Dear Lucy: I have had bouts of gastrointestinal reflux for a while, especially when I exercise. I also love coffee, especially Starbuck’s. When I quit the coffee, I’m usually fine. So, I did a litmus test on Starbuck’s coffee and, oddly enough, found it to be very basic (I thought coffee was supposed to be acidic or neutral). Next I did a litmus test on myself and found that I was basic, too. Then I tried drinking coffee followed by lemon juice. No more acid reflux. Does all that sound right? I’m female, 52, and healthy—at least I think I am.
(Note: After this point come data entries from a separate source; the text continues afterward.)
(* Let $K$ be a finite group, $N\trianglelefteq K$, and $H=\Delta_K(1\times N)=\{(gn,g):g\in K,n\in N\}\le K\times K$. Then every cohomology class in $H^2(H;\mathbb{T})$ contains a cocycle $\psi$ satisfying, for all $g,k\in K$ and $n,m\in N$, $$\psi((gn,g),(km,k))=\overline{\beta^{\psi}_{(k,k)}((n,1))}\,\psi((n^k,1),(m,1))\,\psi((g,g),(k,k)).$$
   Context: $n^k=k^{-1}nk$. For $\psi\in Z^2(X;\mathbb{T})$ on a group $X$, $\beta^\psi_x(y)=\psi(x,x^{-1}yx)\,\overline{\psi(y,x)}$. *)

theory Defs
  imports Complex_Main "HOL-Algebra.Algebra"
begin

definition cocycle2 :: "('g, 'b) monoid_scheme \<Rightarrow> ('g \<Rightarrow> 'g \<Rightarrow> complex) \<Rightarrow> bool" where
  "cocycle2 G \<psi> \<longleftrightarrow>
     (\<forall>x\<in>carrier G. \<forall>y\<in>carrier G. cmod (\<psi> x y) = 1) \<and>
     (\<forall>x\<in>carrier G. \<forall>y\<in>carrier G. \<forall>z\<in>carrier G.
        \<psi> x y * \<psi> (x \<otimes>\<^bsub>G\<^esub> y) z = \<psi> x (y \<otimes>\<^bsub>G\<^esub> z) * \<psi> y z)"

definition cohomologous :: "('g, 'b) monoid_scheme \<Rightarrow> ('g \<Rightarrow> 'g \<Rightarrow> complex) \<Rightarrow> ('g \<Rightarrow> 'g \<Rightarrow> complex) \<Rightarrow> bool" where
  "cohomologous G \<omega> \<psi> \<longleftrightarrow>
     (\<exists>\<mu>. (\<forall>x\<in>carrier G. cmod (\<mu> x) = 1) \<and>
          (\<forall>x\<in>carrier G. \<forall>y\<in>carrier G.
             \<psi> x y = \<omega> x y * \<mu> x * \<mu> y / \<mu> (x \<otimes>\<^bsub>G\<^esub> y)))"

definition beta :: "('g, 'b) monoid_scheme \<Rightarrow> ('g \<Rightarrow> 'g \<Rightarrow> complex) \<Rightarrow> 'g \<Rightarrow> 'g \<Rightarrow> complex" where
  "beta G \<psi> x y = \<psi> x (inv\<^bsub>G\<^esub> x \<otimes>\<^bsub>G\<^esub> y \<otimes>\<^bsub>G\<^esub> x) * cnj (\<psi> y x)"

end

theory Submission
  imports Defs
begin

text \<open>
  Every element of \<open>H = \<Delta>\<^sub>K(1 \<times> N)\<close> factors uniquely as \<open>(g, g)(n, 1)\<close>. Twisting \<open>\<omega>\<close> by
  the coboundary of \<open>\<mu>((g, g)(n, 1)) = \<omega>((g, g), (n, 1)) / \<omega>(1, 1)\<^sup>2\<close> gives a cohomologous
  cocycle \<open>\<psi>\<close> with \<open>\<psi>((g, g), (n, 1)) = 1\<close>. For such \<open>\<psi>\<close>, the cocycle identity applied to
  the triples \<open>((g, g), (n, 1), (km, k))\<close>, \<open>((g, g), (k, k), (n\<^sup>k m, 1))\<close>,
  \<open>((n, 1), (k, k), (m, 1))\<close> and \<open>((k, k), (n\<^sup>k, 1), (m, 1))\<close> gives
  \<open>\<psi>((gn, g), (km, k)) = \<psi>((n, 1), (k, k)) \<psi>((n\<^sup>k, 1), (m, 1)) \<psi>((g, g), (k, k))\<close>,
  and \<open>\<beta>\<^sup>\<psi>_(k, k)((n, 1))\<close> is just the conjugate of \<open>\<psi>((n, 1), (k, k))\<close>.
\<close>

lemma cocycle2_assoc:
  assumes "cocycle2 G \<psi>" "x \<in> carrier G" "y \<in> carrier G" "z \<in> carrier G"
  shows "\<psi> x y * \<psi> (x \<otimes>\<^bsub>G\<^esub> y) z = \<psi> x (y \<otimes>\<^bsub>G\<^esub> z) * \<psi> y z"
  using assms unfolding cocycle2_def by blast

lemma cocycle2_nonzero:
  assumes "cocycle2 G \<psi>" "x \<in> carrier G" "y \<in> carrier G"
  shows "\<psi> x y \<noteq> 0"
  using assms unfolding cocycle2_def by force

lemma cocycle2_right_one:
  fixes G (structure)
  assumes "monoid G" "cocycle2 G \<psi>" "x \<in> carrier G"
  shows "\<psi> x \<one> = \<psi> \<one> \<one>"
proof -
  interpret monoid G by fact
  have "\<psi> x \<one> * \<psi> x \<one> = \<psi> x \<one> * \<psi> \<one> \<one>"
    using cocycle2_assoc[OF assms(2,3) one_closed one_closed] assms(3) by simp
  then show ?thesis
    using cocycle2_nonzero[OF assms(2,3) one_closed] by simp
qed

lemma cocycle2_left_one:
  fixes G (structure)
  assumes "monoid G" "cocycle2 G \<psi>" "x \<in> carrier G"
  shows "\<psi> \<one> x = \<psi> \<one> \<one>"
proof -
  interpret monoid G by fact
  have "\<psi> \<one> \<one> * \<psi> \<one> x = \<psi> \<one> x * \<psi> \<one> x"
    using cocycle2_assoc[OF assms(2) one_closed one_closed assms(3)] assms(3) by simp
  then show ?thesis
    using cocycle2_nonzero[OF assms(2) one_closed assms(3)] by simp
qed

lemma cocycle2_coboundary_mult:
  fixes G (structure)
  assumes "monoid G" "cocycle2 G \<omega>" and \<mu>: "\<forall>x\<in>carrier G. cmod (\<mu> x) = 1"
  shows "cocycle2 G (\<lambda>x y. \<omega> x y * \<mu> x * \<mu> y / \<mu> (x \<otimes> y))"
proof -
  interpret monoid G by fact
  have nonzero: "\<mu> x \<noteq> 0" if "x \<in> carrier G" for x
    using \<mu> that by force
  show ?thesis
    unfolding cocycle2_def
  proof (intro conjI ballI)
    fix x y assume "x \<in> carrier G" "y \<in> carrier G"
    then show "cmod (\<omega> x y * \<mu> x * \<mu> y / \<mu> (x \<otimes> y)) = 1"
      using assms(2) \<mu> unfolding cocycle2_def by (simp add: norm_mult norm_divide)
  next
    fix x y z assume xyz: "x \<in> carrier G" "y \<in> carrier G" "z \<in> carrier G"
    then show "\<omega> x y * \<mu> x * \<mu> y / \<mu> (x \<otimes> y) * (\<omega> (x \<otimes> y) z * \<mu> (x \<otimes> y) * \<mu> z / \<mu> (x \<otimes> y \<otimes> z)) =
        \<omega> x (y \<otimes> z) * \<mu> x * \<mu> (y \<otimes> z) / \<mu> (x \<otimes> (y \<otimes> z)) * (\<omega> y z * \<mu> y * \<mu> z / \<mu> (y \<otimes> z))"
      using cocycle2_assoc[OF assms(2) xyz] nonzero by (simp add: m_assoc field_simps)
  qed
qed

lemma cocycle2_cohomologous_trivial_on_factorization:
  fixes G (structure)
  assumes "group G" "cocycle2 G \<omega>"
    and DA: "D \<subseteq> carrier G" "A \<subseteq> carrier G" "\<one> \<in> D" "\<one> \<in> A"
    and \<delta>_carrier: "\<And>x. x \<in> carrier G \<Longrightarrow> \<delta> x \<in> carrier G"
    and \<delta>_factor: "\<And>d a. d \<in> D \<Longrightarrow> a \<in> A \<Longrightarrow> \<delta> (d \<otimes> a) = d"
  shows "\<exists>\<psi>. cocycle2 G \<psi> \<and> cohomologous G \<omega> \<psi> \<and> (\<forall>d\<in>D. \<forall>a\<in>A. \<psi> d a = 1)"
proof -
  interpret group G by fact
  define c where "c = \<omega> \<one> \<one>"
  have "cmod c = 1"
    using assms(2) unfolding c_def cocycle2_def by simp
  then have "c \<noteq> 0" by auto
  \<comment> \<open>\<open>\<mu> (d \<otimes> a) = \<omega> d a / c\<^sup>2\<close> on the factorization \<open>G = D A\<close> given by \<open>\<delta>\<close>\<close>
  define \<mu> where "\<mu> x = \<omega> (\<delta> x) (inv (\<delta> x) \<otimes> x) / c ^ 2" for x
  define \<psi> where "\<psi> x y = \<omega> x y * \<mu> x * \<mu> y / \<mu> (x \<otimes> y)" for x y
  have \<mu>_unit: "\<forall>x\<in>carrier G. cmod (\<mu> x) = 1"
    using assms(2) \<delta>_carrier \<open>cmod c = 1\<close>
    unfolding \<mu>_def cocycle2_def by (simp add: norm_divide norm_power)
  have "\<psi> d a = 1" if d: "d \<in> D" and a: "a \<in> A" for d a
  proof -
    have dG: "d \<in> carrier G" and aG: "a \<in> carrier G" using d a DA by auto
    have \<mu>_d: "\<mu> d = 1 / c"
      using \<delta>_factor[OF d \<open>\<one> \<in> A\<close>] cocycle2_right_one[OF monoid_axioms assms(2) dG] dG
      by (simp add: \<mu>_def c_def power2_eq_square)
    have \<mu>_a: "\<mu> a = 1 / c"
      using \<delta>_factor[OF \<open>\<one> \<in> D\<close> a] cocycle2_left_one[OF monoid_axioms assms(2) aG] aG
      by (simp add: \<mu>_def c_def power2_eq_square)
    have \<mu>_da: "\<mu> (d \<otimes> a) = \<omega> d a / c ^ 2"
      using \<delta>_factor[OF d a] dG aG by (simp add: \<mu>_def flip: m_assoc)
    show ?thesis
      using cocycle2_nonzero[OF assms(2) dG aG] \<open>c \<noteq> 0\<close>
      by (simp add: \<psi>_def \<mu>_d \<mu>_a \<mu>_da field_simps power2_eq_square)
  qed
  moreover have "cocycle2 G \<psi>"
    unfolding \<psi>_def by (rule cocycle2_coboundary_mult[OF monoid_axioms assms(2) \<mu>_unit])
  moreover have "cohomologous G \<omega> \<psi>"
    unfolding cohomologous_def \<psi>_def using \<mu>_unit by blast
  ultimately show ?thesis by blast
qed

definition twisted_diagonal :: "('a, 'b) monoid_scheme \<Rightarrow> 'a set \<Rightarrow> ('a \<times> 'a) monoid" where
  "twisted_diagonal K N =
     (K \<times>\<times> K)\<lparr>carrier := {(g \<otimes>\<^bsub>K\<^esub> n, g) | g n. g \<in> carrier K \<and> n \<in> N}\<rparr>"

lemma mult_twisted_diagonal [simp]:
  "(a, b) \<otimes>\<^bsub>twisted_diagonal K N\<^esub> (c, d) = (a \<otimes>\<^bsub>K\<^esub> c, b \<otimes>\<^bsub>K\<^esub> d)"
  by (simp add: twisted_diagonal_def)

lemma one_twisted_diagonal [simp]: "\<one>\<^bsub>twisted_diagonal K N\<^esub> = (\<one>\<^bsub>K\<^esub>, \<one>\<^bsub>K\<^esub>)"
  by (simp add: twisted_diagonal_def)

lemma (in normal) twisted_diagonal_mem_iff:
  "(x, y) \<in> carrier (twisted_diagonal G H) \<longleftrightarrow> x \<in> carrier G \<and> y \<in> carrier G \<and> inv y \<otimes> x \<in> H"
proof
  assume "(x, y) \<in> carrier (twisted_diagonal G H)"
  then show "x \<in> carrier G \<and> y \<in> carrier G \<and> inv y \<otimes> x \<in> H"
    by (auto simp: twisted_diagonal_def simp flip: m_assoc)
next
  assume xy: "x \<in> carrier G \<and> y \<in> carrier G \<and> inv y \<otimes> x \<in> H"
  then have "x = y \<otimes> (inv y \<otimes> x)"
    by (simp flip: m_assoc)
  with xy show "(x, y) \<in> carrier (twisted_diagonal G H)"
    unfolding twisted_diagonal_def by auto
qed

lemma (in normal) twisted_diagonal_diag: "g \<in> carrier G \<Longrightarrow> (g, g) \<in> carrier (twisted_diagonal G H)"
  by (simp add: twisted_diagonal_mem_iff)

lemma (in normal) twisted_diagonal_left: "n \<in> H \<Longrightarrow> (n, \<one>) \<in> carrier (twisted_diagonal G H)"
  by (simp add: twisted_diagonal_mem_iff)

lemma (in normal) twisted_diagonal_generator:
  "g \<in> carrier G \<Longrightarrow> n \<in> H \<Longrightarrow> (g \<otimes> n, g) \<in> carrier (twisted_diagonal G H)"
  by (simp add: twisted_diagonal_mem_iff flip: m_assoc)

lemma (in normal) subgroup_twisted_diagonal:
  "subgroup (carrier (twisted_diagonal G H)) (G \<times>\<times> G)"
proof
  show "carrier (twisted_diagonal G H) \<subseteq> carrier (G \<times>\<times> G)"
    by (auto simp: twisted_diagonal_mem_iff)
  show "\<one>\<^bsub>G \<times>\<times> G\<^esub> \<in> carrier (twisted_diagonal G H)"
    by (simp add: twisted_diagonal_diag)
next
  fix p q assume "p \<in> carrier (twisted_diagonal G H)" "q \<in> carrier (twisted_diagonal G H)"
  then obtain a b c d where pq: "p = (a, b)" "q = (c, d)"
    and h: "a \<in> carrier G" "b \<in> carrier G" "inv b \<otimes> a \<in> H"
           "c \<in> carrier G" "d \<in> carrier G" "inv d \<otimes> c \<in> H"
    by (metis prod.collapse twisted_diagonal_mem_iff)
  have "inv (b \<otimes> d) \<otimes> (a \<otimes> c) = (inv d \<otimes> (inv b \<otimes> a) \<otimes> d) \<otimes> (inv d \<otimes> c)"
    using h by (simp add: m_assoc inv_mult_group) (simp flip: m_assoc)
  also have "\<dots> \<in> H"
    using h by (simp add: inv_op_closed1)
  finally show "p \<otimes>\<^bsub>G \<times>\<times> G\<^esub> q \<in> carrier (twisted_diagonal G H)"
    using pq h by (simp add: twisted_diagonal_mem_iff)
next
  fix p assume "p \<in> carrier (twisted_diagonal G H)"
  then obtain a b where p: "p = (a, b)" and h: "a \<in> carrier G" "b \<in> carrier G" "inv b \<otimes> a \<in> H"
    by (metis prod.collapse twisted_diagonal_mem_iff)
  have "inv (inv b) \<otimes> inv a = b \<otimes> inv (inv b \<otimes> a) \<otimes> inv b"
    using h by (simp add: m_assoc inv_mult_group)
  also have "\<dots> \<in> H"
    using h by (simp add: inv_op_closed2)
  finally show "inv\<^bsub>G \<times>\<times> G\<^esub> p \<in> carrier (twisted_diagonal G H)"
    using p h by (simp add: twisted_diagonal_mem_iff is_group)
qed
I just want to exercise and have my coffee, too, but without the acid reflux. —Acid Test
Dear Acid Test: Lucy is glad to hear that the brave tradition of using oneself as a guinea pig in the interest of science—ala August Bier (spinal anesthesia), Nathaniel Kleitman (human circadian rhythms), and David Pritchard (effects of hookworm infestation on the immune system)—is alive and well at MIT.
But while expressing admiration for your methodology, MIT Medical gastroenterologist Richard Gardner, M.D., admits to being puzzled by your results. “It’s not the pH or acidity of coffee that may predispose coffee drinkers to reflux of acid from the stomach and/or esophageal muscle spasm,” he says. “Rather, it is the caffeine content that alters normal esophageal smooth muscle activity.” Furthermore, he adds, “strenuous exercise can also be associated with increased acid reflux in susceptible individuals who are not coffee drinkers.”
Gardner couldn’t explain the apparent benefit you experienced from drinking lemon juice after coffee; in fact, he said, it seemed counterintuitive. “Lemon juice is definitely acidic and usually results in heartburn if one already has irritation from acid reflux,” he says. However, he notes, for some individuals, a component of coffee other than caffeine may be an irritant, and he theorizes that this may explain your experience. It’s also possible that your experiment didn’t control for all possible additional variables, such as other foods and beverages consumed on the same day and type or timing of exercise.
Even if you don’t want to give up coffee, Gardner recommends a few other things you can do to minimize the probability of exercise-associated acid reflux. These include:
- Eating smaller meals before exercising and allowing time for digestion—at least an hour—before you begin to exercise,
- Avoiding fatty or greasy foods before exercising, because those take longer to digest,
- Drinking plenty of water, and
- Experimenting with different types of exercises, because exercises that are more jarring or that put extra pressure on the stomach can increase the likelihood of acid reflux symptoms. Gardner also recommends keeping the chest above the level of the waist while exercising; so, for example, no toe touches.